Xu W., Wongsa A., Lee J., Shang L., Cannone J.J., and Gutell R.R. (2011). RNA2DMap: A Visual Exploration Tool of the Information in RNA's Higher-Order Structure. Proceedings of 2011 IEEE International Conference on Bioinformatics and Biomedicine (BIBM 2011), Atlanta, GA. November 12-15, 2011. IEEE Computer Society, Washington, DC, USA. pp. 613-617.

1. RNA2DMap: A Visual Exploration Tool of the Information in RNA’s Higher-
Order Structure
Weijia Xu1,†
Ame Wongsa 2, ‡
Jung Lee 3,
*
Lei Shang4,
* Jamie J Cannone 5,
* Robin R. Gutell 6,
*
†
Texas Advanced Computing Center,
‡
School of Information, *Institute for Cellular and Molecular Biology
The University of Texas at Austin
Austin, Texas, USA
1
xwj@tacc.utexas.edu; 2
Amewongsa@gmail.com; 3
bojungx@gmail.com;
4
leishang@mail.utexas.edu;
5
jjcannone@austin.utexas.edu;
6
robin.gutell@mail.utexas.edu;
Abstract -- A new and emerging paradigm in molecular biology
is revealing that RNA is implicated in nearly every aspect of
the metabolism in the cell. To enhance our understanding of
the function of these RNA molecules in the cell, it is essential
that we have a complete understanding of their higher-order
structures. While many computational tools have been
developed to predict and analyse these higher-order RNA
structures, few are able to visualize them for analytical
purposes. In this paper, we present an interactive visualization
tool of the secondary structure of RNA, named RNA2DMap.

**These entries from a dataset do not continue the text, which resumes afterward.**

(* Let $A$ be a self-adjoint operator on a separable Hilbert space $\mathfrak H$ with dense domain $D(A)$, and let $\lambda\in\mathrm{Spu}(A)$. Then $\mathrm{tr}\,\chi_{(-\infty,\lambda]}(A)=\mathrm{tr}\,\chi_{[\lambda,\infty)}(A)=+\infty$; equivalently, $\lambda\in\mathrm{Conv}(\hat\sigma_{\rm ess}(A))$.
   Context: $D(A)$ carries the graph norm. For a finite-dimensional subspace $V\subset D(A)$, $A_{|V}$ denotes the restriction of $P_VAP_V$ to $V$ ($P_V$ the orthogonal projector onto $V$). $\lambda\in\mathbb R$ is a spurious eigenvalue of $A$ ($\lambda\in\mathrm{Spu}(A)$) if there are finite-dimensional subspaces $V_n\subset D(A)$, $V_n\subset V_{n+1}$, with $\bigcup_nV_n$ dense in $D(A)$ for the graph norm, $\mathrm{dist}(\lambda,\sigma(A_{|V_n}))\to0$, and $\lambda\notin\sigma(A)$. $\hat\sigma_{\rm ess}(A)$ denotes $\sigma_{\rm ess}(A)$ together with $-\infty$ (resp. $+\infty$) if $\sigma(A)$ is unbounded from below (resp. above); $\mathrm{Conv}$ denotes the convex hull in $[-\infty,+\infty]$. $\chi_I$ denotes the characteristic function of $I$ and $\chi_I(A)$ the spectral projector. *)

theory Defs
  imports "HOL-Analysis.Analysis"
begin

text \<open>A complex Hilbert space is modelled as a real Banach space 'a (type class banach)
  together with a complex scalar multiplication sm extending the real one and a complex
  inner product ip (linear in the first, conjugate linear in the second argument)
  that induces the norm of 'a.\<close>

definition complex_hilbert :: "(complex \<Rightarrow> 'a::banach \<Rightarrow> 'a) \<Rightarrow> ('a \<Rightarrow> 'a \<Rightarrow> complex) \<Rightarrow> bool" where
  "complex_hilbert sm ip \<longleftrightarrow>
     (\<forall>x. sm 1 x = x) \<and>
     (\<forall>a b x. sm (a * b) x = sm a (sm b x)) \<and>
     (\<forall>a x y. sm a (x + y) = sm a x + sm a y) \<and>
     (\<forall>a b x. sm (a + b) x = sm a x + sm b x) \<and>
     (\<forall>r x. sm (complex_of_real r) x = r *\<^sub>R x) \<and>
     (\<forall>x y z. ip (x + y) z = ip x z + ip y z) \<and>
     (\<forall>a x y. ip (sm a x) y = a * ip x y) \<and>
     (\<forall>x y. ip y x = cnj (ip x y)) \<and>
     (\<forall>x. norm x = sqrt (Re (ip x x)))"

definition hseparable :: "'a::topological_space itself \<Rightarrow> bool" where
  "hseparable _ \<longleftrightarrow> (\<exists>S::'a set. countable S \<and> closure S = UNIV)"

This program enables multiple-dimensions of information
about RNA structure to be selected, customized and displayed
to visually identify patterns and relationships. RNA2DMap
facilitates the comparative analysis and understanding of
RNAs that cannot be readily obtained with other graphical or
text output from computer programs. Three use cases are
presented to illustrate how RNA2DMap aids structural
analysis.
Keywords: Biological Data Visulation; RNA Struaral Analysis;
Interative Application
I. INTRODUCTION
RNA structure, function, and evolution are studied with
experimental and computational methods. Comparative
analysis, one of the computational methods, has been used
to determine an RNA’s higher-order structure with high
accuracy and detail, principles of RNA structure, and the
evolution of RNA and phylogenetic relationships. This
analysis is dependent on the number and diversity of the
RNA sequences and high-resolution crystal structures
within any given RNA family, and the sophistication of the
computational system to analyse the data. Information
related to RNA sequences is usually stored within a
database or in text files with specific formats. We have
developed rCAD – RNA Comparative Analysis Database
that utilizes the Microsoft SQL-server to organize,
manipulate, and analyse these multiple dimensions of
information [1] [2]. rCAD is the foundation used to
effectively create inter-relationships between multiple types
of information. However, from these patterns, biases and
relationships in rCAD’s data, we are unable to synthesize all
of this knowledge into a complete understanding of RNA’s
structure, function, and evolution..
While most computational approaches are developed
based on data mining and algorithmic approaches to
understand the structure and functions of RNA molecules,
visual analytic approaches can provide insights from the
data. The secondary structure diagram of RNA is routinely
used to visualize the base pairs, helices, and structural
motifs of the RNA’s higher-order structure. It is the
reference point for discussion and analysis of sequence
alignments, high-resolution crystal structures, and
evolutionary relationships. Many RNA scientists map their
experimental data and other relevant information onto these
diagrams. However this is usually done on a figure in a
published paper, not as an interactive graphics display.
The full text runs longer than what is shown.